# Work to be completed
Scan the entries below, and for each line that includes the word "lemma", make a copy.

# Records supplied
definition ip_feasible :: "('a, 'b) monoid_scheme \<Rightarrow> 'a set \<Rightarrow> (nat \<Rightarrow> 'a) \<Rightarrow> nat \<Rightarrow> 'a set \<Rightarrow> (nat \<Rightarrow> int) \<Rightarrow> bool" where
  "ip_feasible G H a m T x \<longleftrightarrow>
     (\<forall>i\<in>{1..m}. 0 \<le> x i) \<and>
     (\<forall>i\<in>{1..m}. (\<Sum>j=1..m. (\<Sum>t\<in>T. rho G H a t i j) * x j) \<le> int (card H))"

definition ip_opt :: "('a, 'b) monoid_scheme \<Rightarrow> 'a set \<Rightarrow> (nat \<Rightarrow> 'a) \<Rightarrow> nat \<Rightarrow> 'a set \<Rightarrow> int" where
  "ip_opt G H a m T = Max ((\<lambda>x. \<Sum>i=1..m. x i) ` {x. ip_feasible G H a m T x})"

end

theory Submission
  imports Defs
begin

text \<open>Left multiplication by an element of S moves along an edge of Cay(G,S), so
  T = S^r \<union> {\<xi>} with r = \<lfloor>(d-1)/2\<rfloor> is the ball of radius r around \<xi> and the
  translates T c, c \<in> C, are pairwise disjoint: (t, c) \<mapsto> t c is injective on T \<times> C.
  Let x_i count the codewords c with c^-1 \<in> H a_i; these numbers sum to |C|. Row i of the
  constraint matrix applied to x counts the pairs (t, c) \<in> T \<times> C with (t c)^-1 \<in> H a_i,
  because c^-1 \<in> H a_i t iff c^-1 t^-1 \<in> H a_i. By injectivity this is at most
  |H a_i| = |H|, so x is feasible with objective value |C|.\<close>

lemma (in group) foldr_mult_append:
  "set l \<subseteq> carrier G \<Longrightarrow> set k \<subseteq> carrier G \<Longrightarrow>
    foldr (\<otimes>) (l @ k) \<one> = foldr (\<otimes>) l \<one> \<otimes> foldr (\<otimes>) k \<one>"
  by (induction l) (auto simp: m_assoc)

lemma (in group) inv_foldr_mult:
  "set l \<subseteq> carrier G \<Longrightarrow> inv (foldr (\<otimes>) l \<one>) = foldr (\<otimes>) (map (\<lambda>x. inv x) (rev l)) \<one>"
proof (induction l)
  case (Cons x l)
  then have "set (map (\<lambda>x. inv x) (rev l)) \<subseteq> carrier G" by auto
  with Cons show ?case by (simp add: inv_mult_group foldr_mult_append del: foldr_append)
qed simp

# Expected answer
lemma (in group) foldr_mult_append:
lemma (in group) inv_foldr_mult:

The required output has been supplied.